YOUR GOAL
How many lines of the entries hold the string "operatorname"? Reply with the number alone.

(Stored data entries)
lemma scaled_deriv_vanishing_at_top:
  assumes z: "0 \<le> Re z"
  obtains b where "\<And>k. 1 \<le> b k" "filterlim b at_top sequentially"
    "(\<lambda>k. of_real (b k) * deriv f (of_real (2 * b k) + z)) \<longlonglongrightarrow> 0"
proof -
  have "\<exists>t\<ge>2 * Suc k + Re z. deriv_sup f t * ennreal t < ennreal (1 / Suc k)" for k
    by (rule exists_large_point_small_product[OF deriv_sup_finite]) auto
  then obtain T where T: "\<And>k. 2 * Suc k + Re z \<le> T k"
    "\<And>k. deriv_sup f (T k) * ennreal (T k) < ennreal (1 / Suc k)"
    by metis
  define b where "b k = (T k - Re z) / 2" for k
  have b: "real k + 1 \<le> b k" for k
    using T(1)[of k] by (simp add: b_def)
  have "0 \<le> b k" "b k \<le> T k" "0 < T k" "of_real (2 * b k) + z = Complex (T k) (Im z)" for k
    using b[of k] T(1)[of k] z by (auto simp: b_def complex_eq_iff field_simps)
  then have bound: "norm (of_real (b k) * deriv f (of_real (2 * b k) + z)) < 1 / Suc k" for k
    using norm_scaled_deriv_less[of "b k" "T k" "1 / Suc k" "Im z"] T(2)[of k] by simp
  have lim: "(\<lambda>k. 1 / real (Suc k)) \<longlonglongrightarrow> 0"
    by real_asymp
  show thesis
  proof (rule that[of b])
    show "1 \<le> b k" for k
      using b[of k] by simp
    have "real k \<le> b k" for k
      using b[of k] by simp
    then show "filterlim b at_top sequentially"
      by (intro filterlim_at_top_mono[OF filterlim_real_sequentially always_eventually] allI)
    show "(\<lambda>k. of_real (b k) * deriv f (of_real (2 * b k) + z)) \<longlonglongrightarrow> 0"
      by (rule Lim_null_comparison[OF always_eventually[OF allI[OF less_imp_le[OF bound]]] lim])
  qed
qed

---

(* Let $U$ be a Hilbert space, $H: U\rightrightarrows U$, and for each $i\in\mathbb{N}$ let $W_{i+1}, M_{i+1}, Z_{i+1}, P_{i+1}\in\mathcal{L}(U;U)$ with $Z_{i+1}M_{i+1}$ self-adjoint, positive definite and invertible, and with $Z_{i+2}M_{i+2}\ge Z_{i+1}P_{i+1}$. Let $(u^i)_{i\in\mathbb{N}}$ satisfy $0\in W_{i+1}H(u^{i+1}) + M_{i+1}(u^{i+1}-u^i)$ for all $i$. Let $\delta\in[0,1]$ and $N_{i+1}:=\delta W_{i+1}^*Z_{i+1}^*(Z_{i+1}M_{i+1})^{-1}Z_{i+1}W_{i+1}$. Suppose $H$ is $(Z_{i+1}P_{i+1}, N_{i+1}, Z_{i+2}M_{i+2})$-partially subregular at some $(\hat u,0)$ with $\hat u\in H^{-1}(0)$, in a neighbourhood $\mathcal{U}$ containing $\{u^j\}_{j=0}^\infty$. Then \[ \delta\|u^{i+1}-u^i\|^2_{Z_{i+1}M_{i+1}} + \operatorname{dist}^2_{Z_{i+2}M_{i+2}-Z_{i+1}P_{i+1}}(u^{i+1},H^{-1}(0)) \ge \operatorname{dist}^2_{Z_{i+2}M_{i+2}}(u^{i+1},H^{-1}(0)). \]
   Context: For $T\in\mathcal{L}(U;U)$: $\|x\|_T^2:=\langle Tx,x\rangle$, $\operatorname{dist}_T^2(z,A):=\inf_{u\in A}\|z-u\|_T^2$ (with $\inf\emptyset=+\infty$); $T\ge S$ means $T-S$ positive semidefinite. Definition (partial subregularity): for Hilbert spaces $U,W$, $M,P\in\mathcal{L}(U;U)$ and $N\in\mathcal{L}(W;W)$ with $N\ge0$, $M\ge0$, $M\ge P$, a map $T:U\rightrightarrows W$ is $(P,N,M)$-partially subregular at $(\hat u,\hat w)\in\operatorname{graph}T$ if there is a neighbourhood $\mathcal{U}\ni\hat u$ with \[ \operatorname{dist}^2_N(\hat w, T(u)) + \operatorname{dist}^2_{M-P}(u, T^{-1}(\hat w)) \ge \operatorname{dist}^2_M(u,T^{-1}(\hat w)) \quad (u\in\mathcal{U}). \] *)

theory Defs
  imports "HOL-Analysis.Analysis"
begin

EXERCISE OUTPUT
2